-- Work to be completed --
Take the data from its first line. Print each line exactly until the line containing "case (Cons x a)" has been printed too.

-- Records provided --
lemma append_eq_append_sep:
  assumes "c \<notin> set a" "c \<notin> set b" "u = [] \<or> hd u = c" "v = [] \<or> hd v = c" "a @ u = b @ v"
  shows "a = b \<and> u = v"
  using assms
proof (induction a arbitrary: b)
  case Nil thus ?case by (cases b) auto
next
  case (Cons x a)
  thus ?case using Cons.IH by (cases b) auto
qed

lemma apow_inj: "apow x = apow y \<Longrightarrow> x = y"
  unfolding apow_def by (cases "x = 0"; cases "y = 0") (auto split: if_splits)

lemma plus_word_inj: "plus_word xs = plus_word ys \<Longrightarrow> xs = ys"
proof (induction xs arbitrary: ys)
  case Nil thus ?case by (cases ys) (auto simp: plus_word_def)
next
  case (Cons x xs)
  then obtain y ys' where ys: "ys = y # ys'" by (cases ys) (auto simp: plus_word_def)
  have "apow x @ T # plus_word xs = apow y @ T # plus_word ys'"
    using Cons.prems ys by (simp add: plus_word_Cons)
  hence "apow x = apow y \<and> T # plus_word xs = T # plus_word ys'"
    by (intro append_eq_append_sep[of T]) (auto simp: apow_def)
  thus ?case using Cons.IH apow_inj ys by auto
qed

lemma minus_word_inj: "minus_word xs = minus_word ys \<Longrightarrow> xs = ys"
proof (induction xs arbitrary: ys)
  case Nil thus ?case by (cases ys) (auto simp: minus_word_def)
next
  case (Cons x xs)
  then obtain y ys' where ys: "ys = y # ys'" by (cases ys) (auto simp: minus_word_def)
  have "apow x @ minus_word xs = apow y @ minus_word ys'"
    using Cons.prems ys by (simp add: minus_word_Cons)
  moreover have "minus_word zs = [] \<or> hd (minus_word zs) = Tinv" for zs
    by (cases zs) (auto simp: minus_word_Cons minus_word_def)
  ultimately have "apow x = apow y \<and> minus_word xs = minus_word ys'"
    by (intro append_eq_append_sep[of Tinv]) (auto simp: apow_def)
  thus ?case using Cons.IH apow_inj ys by auto
qed

lemma concat_map_rotate: "\<exists>n'. concat (map g (rotate n xs)) = rotate n' (concat (map g xs))"
proof -
  define i where "i = n mod length xs"
  have "concat (map g (rotate n xs)) = concat (map g (drop i xs)) @ concat (map g (take i xs))"
    by (simp add: i_def rotate_drop_take)
  also have "\<dots> = rotate (length (concat (map g (take i xs)))) (concat (map g xs))"
    by (metis append_take_drop_id concat_append map_append rotate_append)
  finally show ?thesis by blast
qed

lemma plus_word_rotate: "\<exists>n'. plus_word (rotate n xs) = rotate n' (plus_word xs)"
  unfolding plus_word_def by (rule concat_map_rotate)

lemma minus_word_rotate: "\<exists>n'. minus_word (rotate n xs) = rotate n' (minus_word xs)"
  unfolding minus_word_def by (rule concat_map_rotate)

lemma rev_rotate: "\<exists>n'. rev (rotate n ys) = rotate n' (rev ys)"
proof (cases "ys = [] \<or> n mod length ys = 0")
  case True
  hence "rotate n ys = ys" by (metis rotate_conv_mod rotate0 id_apply rotate_is_Nil_conv)
  thus ?thesis by (metis rotate0 id_apply)
next
  case False
  define L where "L = length ys"
  have L: "L > 0" using False L_def by simp
  define n' where "n' = L - n mod L"
  have n': "n' mod L = n'" "L - n' = n mod L" using False L unfolding n'_def L_def by auto
  have "rotate n' (rev ys) = rev (rotate (L - n' mod L) ys)" using rotate_rev[of n' ys] L_def
    by simp
  also have "\<dots> = rev (rotate n ys)" using n' L_def by (simp add: rotate_conv_mod[symmetric])
  finally show ?thesis by metis
qed

definition count_a :: "letter list \<Rightarrow> nat" where
  "count_a w = length (filter (\<lambda>l. l = A \<or> l = Ainv) w)"

definition count_t :: "letter list \<Rightarrow> nat" where
  "count_t w = length (filter (\<lambda>l. l = T \<or> l = Tinv) w)"

lemma length_eq_count_a_count_t: "length w = count_a w + count_t w"
proof (induction w)
  case (Cons l w) thus ?case by (cases l) (auto simp: count_a_def count_t_def)
qed (simp add: count_a_def count_t_def)

lemma abs_snd_bs_eval_le: "\<bar>snd (bs_eval k w)\<bar> \<le> int (count_t w)"
proof (induction w)
  case (Cons l w) thus ?case by (cases l) (auto simp: bs_mult_def count_t_def)
qed simp

lemma digit_value_replicate_zero: "digit_value k (replicate n 0) = 0"
  by (induction n) auto

definition represented_by :: "nat \<Rightarrow> nat \<Rightarrow> rat \<Rightarrow> int list \<Rightarrow> bool" where
  "represented_by k m x ys \<longleftrightarrow> length ys = m \<and>
     (\<exists>z. kadic k z \<and> x = of_int (digit_value (int k) ys) + of_int (int k ^ m - 1) * z)"

lemma represented_by_add:
  assumes "represented_by k m x ys" "m \<ge> 1"
  shows "represented_by k m (of_int c + x) ((hd ys + c) # tl ys)"
  using assms unfolding represented_by_def by (cases ys) auto

lemma represented_by_mult:
  assumes k: "k \<ge> 2" and m: "m \<ge> 1" and rep: "represented_by k m x ys"
  shows "represented_by k m (base k * x) (rotate (m - 1) ys)"
proof -
  interpret periodic_digits "int k" m "int k div 2" using k m by unfold_locales auto
  obtain z where ys: "length ys = m" "kadic k z"
    "x = of_int (digit_value (int k) ys) + of_int modulus * z"
    using rep unfolding represented_by_def modulus_def by blast
  obtain q where "int k ^ 1 * digit_value (int k) ys - digit_value (int k) (rotate ((m - 1) * 1) ys)
      = modulus * q"
    using modulus_dvd_pow_rotate[OF ys(1), of 1] by (elim dvdE)
  hence q: "int k * digit_value (int k) ys = digit_value (int k) (rotate (m - 1) ys) + modulus * q"
    by simp
  have "base k * x = of_int (int k * digit_value (int k) ys) + of_int modulus * (base k * z)"
    using ys(3) by (simp add: algebra_simps)
  also have "\<dots> = of_int (digit_value (int k) (rotate (m - 1) ys))
      + of_int modulus * (base k * z + of_int q)"
    unfolding q by (simp add: algebra_simps)
  finally have "base k * x = of_int (digit_value (int k) (rotate (m - 1) ys))
      + of_int modulus * (base k * z + of_int q)" .
  moreover have "kadic k (base k * z + of_int q)"
    using kadic_add[OF _ kadic_mult[OF kadic_of_int[of k "int k"] ys(2)] kadic_of_int] k by simp
  ultimately show ?thesis using ys(1) unfolding represented_by_def modulus_def by auto
qed

lemma represented_by_divide:
  assumes k: "k \<ge> 2" and m: "m \<ge> 1" and rep: "represented_by k m x ys"
  shows "represented_by k m (inverse (base k) * x) (rotate 1 ys)"
proof -
  interpret periodic_digits "int k" m "int k div 2" using k m by unfold_locales auto
  obtain z where ys: "length ys = m" "kadic k z"
    "x = of_int (digit_value (int k) ys) + of_int modulus * z"
    using rep unfolding represented_by_def modulus_def by blast
  obtain q where "digit_value (int k) ys - int k ^ 1 * digit_value (int k) (rotate 1 ys)
      = modulus * q"
    using modulus_dvd_rotate[OF ys(1), of 1] by (elim dvdE)
  hence q: "digit_value (int k) ys = int k * digit_value (int k) (rotate 1 ys) + modulus * q"
    by simp
  have "inverse (base k) * x
      = of_int (digit_value (int k) (rotate 1 ys)) + of_int modulus *
        (inverse (base k) * (of_int q + z))"
    using ys(3) k unfolding q by (simp add: field_simps)
  moreover have "kadic k (inverse (base k))" using kadic_powi[of k "-1"] by simp
  hence "kadic k (inverse (base k) * (of_int q + z))"
    using kadic_mult kadic_add[OF _ kadic_of_int ys(2)] k by simp
  ultimately show ?thesis using ys(1) unfolding represented_by_def modulus_def by auto
qed

text \<open>Reading a word from the right, \<open>a\<^sup>\<plusminus>\<^sup>1\<close> changes one digit by \<open>\<plusminus>1\<close> and
  \<open>t\<^sup>\<plusminus>\<^sup>1\<close> rotates the digits.\<close>

lemma digits_of_word:
  assumes k: "k \<ge> 2" and m: "m \<ge> 1"
  shows "\<exists>ys. represented_by k m (fst (bs_eval k w)) ys \<and> digit_weight ys \<le> int (count_a w)"
proof (induction w)
  case Nil
  have "represented_by k m 0 (replicate m 0)"
    unfolding represented_by_def using kadic_of_int[of k 0]
    by (intro conjI exI[of _ 0]) (simp_all add: digit_value_replicate_zero)
  thus ?case by (intro exI[of _ "replicate m 0"]) (simp add: digit_weight_def sum_list_replicate)
next
  case (Cons l w)
  then obtain ys where ys: "represented_by k m (fst (bs_eval k w)) ys"
    "digit_weight ys \<le> int (count_a w)"
    by blast
  have len: "length ys = m" using ys(1) unfolding represented_by_def by simp
  have wt: "digit_weight ((hd ys + c) # tl ys) \<le> digit_weight ys + \<bar>c\<bar>" for c
    using len m by (cases ys) (auto simp: digit_weight_def)
  have rot: "digit_weight (rotate n ys) = digit_weight ys" for n by (rule digit_weight_rotate)
  show ?case
  proof (cases l)
    case A
    thus ?thesis using represented_by_add[OF ys(1) m, of 1] wt[of 1] ys(2)
      by (intro exI[of _ "(hd ys + 1) # tl ys"]) (auto simp: bs_mult_def count_a_def)
  next
    case Ainv
    thus ?thesis using represented_by_add[OF ys(1) m, of "-1"] wt[of "-1"] ys(2)
      by (intro exI[of _ "(hd ys - 1) # tl ys"]) (auto simp: bs_mult_def count_a_def)
  next
    case T
    thus ?thesis using represented_by_mult[OF k m ys(1)] rot ys(2)
      by (intro exI[of _ "rotate (m - 1) ys"]) (auto simp: bs_mult_def count_a_def)
  next
    case Tinv
    moreover have "digit_weight (rotate1 ys) = digit_weight ys" using rot[of 1] by simp
    ultimately show ?thesis using represented_by_divide[OF k m ys(1)] ys(2)
      by (intro exI[of _ "rotate 1 ys"]) (auto simp: bs_mult_def count_a_def)
  qed
qed

lemma bs_conj_digits_of_word:
  assumes k: "k \<ge> 2" and m: "m \<ge> 1" and n: "snd (bs_eval k w) = int m \<or> snd (bs_eval k w) = - int m"
  obtains ys where "length ys = m" "digit_weight ys \<le> int (count_a w)"
    "bs_conj k (bs_eval k w) (of_int (digit_value (int k) ys), snd (bs_eval k w))"
proof -
  have k1: "k \<ge> 1" using k by simp
  obtain ys z where ys: "length ys = m" "digit_weight ys \<le> int (count_a w)" "kadic k z"
    "fst (bs_eval k w) = of_int (digit_value (int k) ys) + of_int (int k ^ m - 1) * z"
    using digits_of_word[OF k m] unfolding represented_by_def by blast
  obtain u where u: "u \<noteq> 0" "kadic k u" "kadic k (1 / u)"
    "1 - base k powi snd (bs_eval k w) = of_int (int k ^ m - 1) * u"
    using one_minus_powi_eq[OF k1 n] by blast
  have "of_int (digit_value (int k) ys)
      = base k powi 0 * fst (bs_eval k w) + (- (z * (1 / u))) * (1 - base k powi snd (bs_eval k w))"
    using ys(4) u(1,4) by simp
  hence "bs_conj k (bs_eval k w) (of_int (digit_value (int k) ys), snd (bs_eval k w))"
    unfolding bs_conj_iff[OF k1] using kadic_uminus[OF kadic_mult[OF ys(3) u(3)]]
    by (metis fst_conv snd_conv)
  thus ?thesis using that ys(1,2) by blast
qed

definition plus_digits :: "nat \<Rightarrow> int list \<Rightarrow> bool" where
  "plus_digits k xs \<longleftrightarrow> (let r = int (k div 2) in
     bounded r xs \<and> (even k \<longrightarrow> even_cond_plus r xs)
     \<and> \<not> (odd k \<and> (\<exists>n\<ge>1. xs = replicate n (- r)))
     \<and> \<not> (even k \<and> (\<exists>j\<ge>1. xs = concat (replicate j [- r + 1, - r])
                          \<or> xs = concat (replicate j [- r, - r + 1]))))"

definition minus_digits :: "nat \<Rightarrow> int list \<Rightarrow> bool" where
  "minus_digits k xs \<longleftrightarrow> (let r = int (k div 2) in
     bounded r xs \<and> (even k \<longrightarrow> even_cond_minus r xs)
     \<and> \<not> (odd k \<and> (\<exists>n\<ge>1. xs = replicate n (- r)))
     \<and> \<not> (even k \<and> (\<exists>j\<ge>1. xs = concat (replicate j [r, r - 1])
                          \<or> xs = concat (replicate j [r - 1, r]))))"

lemma calA_plus_eq: "calA_plus k = plus_word ` Collect (plus_digits k)"
proof -
  have rep: "concat (replicate m (apow a @ [T])) = plus_word (replicate m a)"
    "concat (replicate j (apow a @ [T] @ apow b @ [T])) = plus_word (concat (replicate j [a, b]))"
    for m j a b by (simp_all add: plus_word_def) (induction j; simp add: plus_word_def)
  have inj: "plus_word xs = plus_word ys \<longleftrightarrow> xs = ys" for xs ys using plus_word_inj by blast
  show ?thesis
    unfolding calA_plus_def plus_digits_def Let_def rep by (auto simp: inj image_iff)
qed

lemma calA_minus_eq: "calA_minus k = minus_word ` Collect (minus_digits k)"
proof -
  have rep: "concat (replicate m ([Tinv] @ apow a)) = minus_word (replicate m a)"
    "concat (replicate j ([Tinv] @ apow a @ [Tinv] @ apow b))
        = minus_word (concat (replicate j [a, b]))"
    for m j a b by (simp_all add: minus_word_def) (induction j; simp add: minus_word_def)
  have inj: "minus_word xs = minus_word ys \<longleftrightarrow> xs = ys" for xs ys using minus_word_inj by blast
  show ?thesis
    unfolding calA_minus_def minus_digits_def Let_def rep by (auto simp: inj image_iff)
qed

context periodic_digits
begin

lemma replicate_length_iff:
  "length xs = m \<Longrightarrow> (\<exists>n\<ge>1. xs = replicate n c) \<longleftrightarrow> xs = replicate m c"
  using m_pos by auto

lemma plus_digits_iff:
  assumes kk: "k = int kn" and rr: "r = int (kn div 2)" and l: "length xs = m"
  shows "plus_digits kn xs \<longleftrightarrow> reduced (cyc xs) \<and> \<not> exceptional_neg (cyc xs)"
proof -
  have ev: "k = 2*r \<longleftrightarrow> even kn" using kk rr by presburger
  show ?thesis
  proof (cases "even kn")
    case True
    hence e: "k = 2*r" using ev by simp
    show ?thesis unfolding plus_digits_def Let_def rr[symmetric] reduced_cyc_iff[OF l]
        exceptional_neg_even_iff[OF l e] using True e by simp
  next
    case False
    hence e: "k \<noteq> 2*r" using ev by simp
    show ?thesis unfolding plus_digits_def Let_def rr[symmetric] reduced_cyc_iff[OF l]
        exceptional_neg_odd_iff[OF l e] replicate_length_iff[OF l] using False e by simp
  qed
qed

-- Answer --
lemma append_eq_append_sep:
  assumes "c \<notin> set a" "c \<notin> set b" "u = [] \<or> hd u = c" "v = [] \<or> hd v = c" "a @ u = b @ v"
  shows "a = b \<and> u = v"
  using assms
proof (induction a arbitrary: b)
  case Nil thus ?case by (cases b) auto
next
  case (Cons x a)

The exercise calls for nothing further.